**WORK REQUEST:** From the entries below, return only the lines starting at the one that contains "(Proj i) xs" and ending at the one that contains "(case xs of [] \<Rightarrow> pr_eval", exactly as they stand.

**DATA TO USE:**

(* Let $A,B\subseteq\omega$ with $B$ infinite. If $A$ is c.e. relative to every infinite subset of $B$, then there is an infinite $C\subseteq B$ and a single relative c.e. operator $\Theta$ with $\Theta(S)=A$ for every infinite $S\subseteq C$.
   Context: A relative c.e. operator is a c.e. set $\Theta$ of pairs $(\sigma,x)\in 2^{<\omega}\times\omega$, with $\Theta(X)$ the set of $x$ such that $(\sigma,x)\in\Theta$ for some initial segment $\sigma$ of the characteristic function of $X$. *)

theory Defs
  imports Main "HOL-Library.Nat_Bijection"
begin

text \<open>Primitive recursive functions on natural-number argument lists
 (arity-free: missing arguments read as 0, extra arguments are ignored;
 this computes exactly the primitive recursive functions).\<close>

datatype prfun = Zero | Succ | Proj nat | Comp prfun "prfun list" | Prec prfun prfun

fun pr_eval :: "prfun \<Rightarrow> nat list \<Rightarrow> nat" where
  "pr_eval Zero xs = 0"
| "pr_eval Succ xs = Suc (case xs of [] \<Rightarrow> 0 | x # _ \<Rightarrow> x)"
| "pr_eval (Proj i) xs = (if i < length xs then xs ! i else 0)"
| "pr_eval (Comp f gs) xs = pr_eval f (map (\<lambda>g. pr_eval g xs) gs)"
| "pr_eval (Prec f g) xs =
     (case xs of [] \<Rightarrow> pr_eval f []
      | (n # ys) \<Rightarrow> rec_nat (pr_eval f ys) (\<lambda>k r. pr_eval g (k # r # ys)) n)"

definition ce :: "nat set \<Rightarrow> bool" where
  "ce S \<longleftrightarrow> (\<exists>f. S = {x. \<exists>y. pr_eval f [x, y] = 0})"

definition code_pair :: "bool list \<Rightarrow> nat \<Rightarrow> nat" where
  "code_pair \<sigma> x = prod_encode (list_encode (map of_bool \<sigma>), x)"

definition ce_operator :: "(bool list \<times> nat) set \<Rightarrow> bool" where
  "ce_operator \<Theta> \<longleftrightarrow> ce {code_pair \<sigma> x | \<sigma> x. (\<sigma>, x) \<in> \<Theta>}"

definition init_seg :: "bool list \<Rightarrow> nat set \<Rightarrow> bool" where
  "init_seg \<sigma> X \<longleftrightarrow> \<sigma> = map (\<lambda>i. i \<in> X) [0..<length \<sigma>]"

definition op_apply :: "(bool list \<times> nat) set \<Rightarrow> nat set \<Rightarrow> nat set" where
  "op_apply \<Theta> X = {x. \<exists>\<sigma>. (\<sigma>, x) \<in> \<Theta> \<and> init_seg \<sigma> X}"

definition ce_in :: "nat set \<Rightarrow> nat set \<Rightarrow> bool" where
  "ce_in A X \<longleftrightarrow> (\<exists>\<Theta>. ce_operator \<Theta> \<and> op_apply \<Theta> X = A)"

end

(*
  Mathias forcing below B. A condition (F, C) has F finite and C \<subseteq> B infinite; its cone consists of
  the sets G with F \<subseteq> G \<subseteq> F \<union> C. Suppose no infinite C \<subseteq> B admits a uniform operator. Then
  every c.e. operator \<Theta> can be defeated below every condition: either \<Theta> enumerates some x \<notin> A
  from a string that fits the cone, and we extend F to fix that string; or "\<Theta> applied within
  the cone of F" only enumerates elements of A. That restricted operator is again c.e. (its
  defining relation on codes is primitive recursive), so by assumption it misses some x \<in> A
  on an infinite S \<subseteq> C, and then \<Theta> misses x on every set in the cone of (F, S). As there are
  countably many c.e. operators, a descending sequence of conditions defeats all of them, and
  the union of its finite parts is an infinite G \<subseteq> B in which A is not c.e.
*)

theory Submission
  imports Defs "HOL-Library.Countable_Set"
begin

section \<open>Primitive recursive functions of fixed arity\<close>

definition prim_rec :: "nat \<Rightarrow> (nat list \<Rightarrow> nat) \<Rightarrow> bool" where
  "prim_rec n F \<longleftrightarrow> (\<exists>p. \<forall>xs. length xs = n \<longrightarrow> pr_eval p xs = F xs)"

lemma prim_rec_cong: "prim_rec n F \<Longrightarrow> (\<And>xs. length xs = n \<Longrightarrow> F xs = G xs) \<Longrightarrow> prim_rec n G"
  unfolding prim_rec_def by metis

lemma prim_rec_Suc: "prim_rec n F \<Longrightarrow> prim_rec n (\<lambda>xs. Suc (F xs))"
proof -
  assume "prim_rec n F"
  then obtain p where "\<forall>xs. length xs = n \<longrightarrow> pr_eval p xs = F xs"
    unfolding prim_rec_def by blast
  then show ?thesis unfolding prim_rec_def by (intro exI[of _ "Comp Succ [p]"]) simp
qed

lemma prim_rec_const: "prim_rec n (\<lambda>xs. c)"
proof (induction c)
  case 0
  show ?case unfolding prim_rec_def by (rule exI[of _ Zero]) simp
next
  case (Suc c)
  then show ?case by (rule prim_rec_Suc)
qed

**ANSWER AREA:**
| "pr_eval (Proj i) xs = (if i < length xs then xs ! i else 0)"
| "pr_eval (Comp f gs) xs = pr_eval f (map (\<lambda>g. pr_eval g xs) gs)"
| "pr_eval (Prec f g) xs =
     (case xs of [] \<Rightarrow> pr_eval f []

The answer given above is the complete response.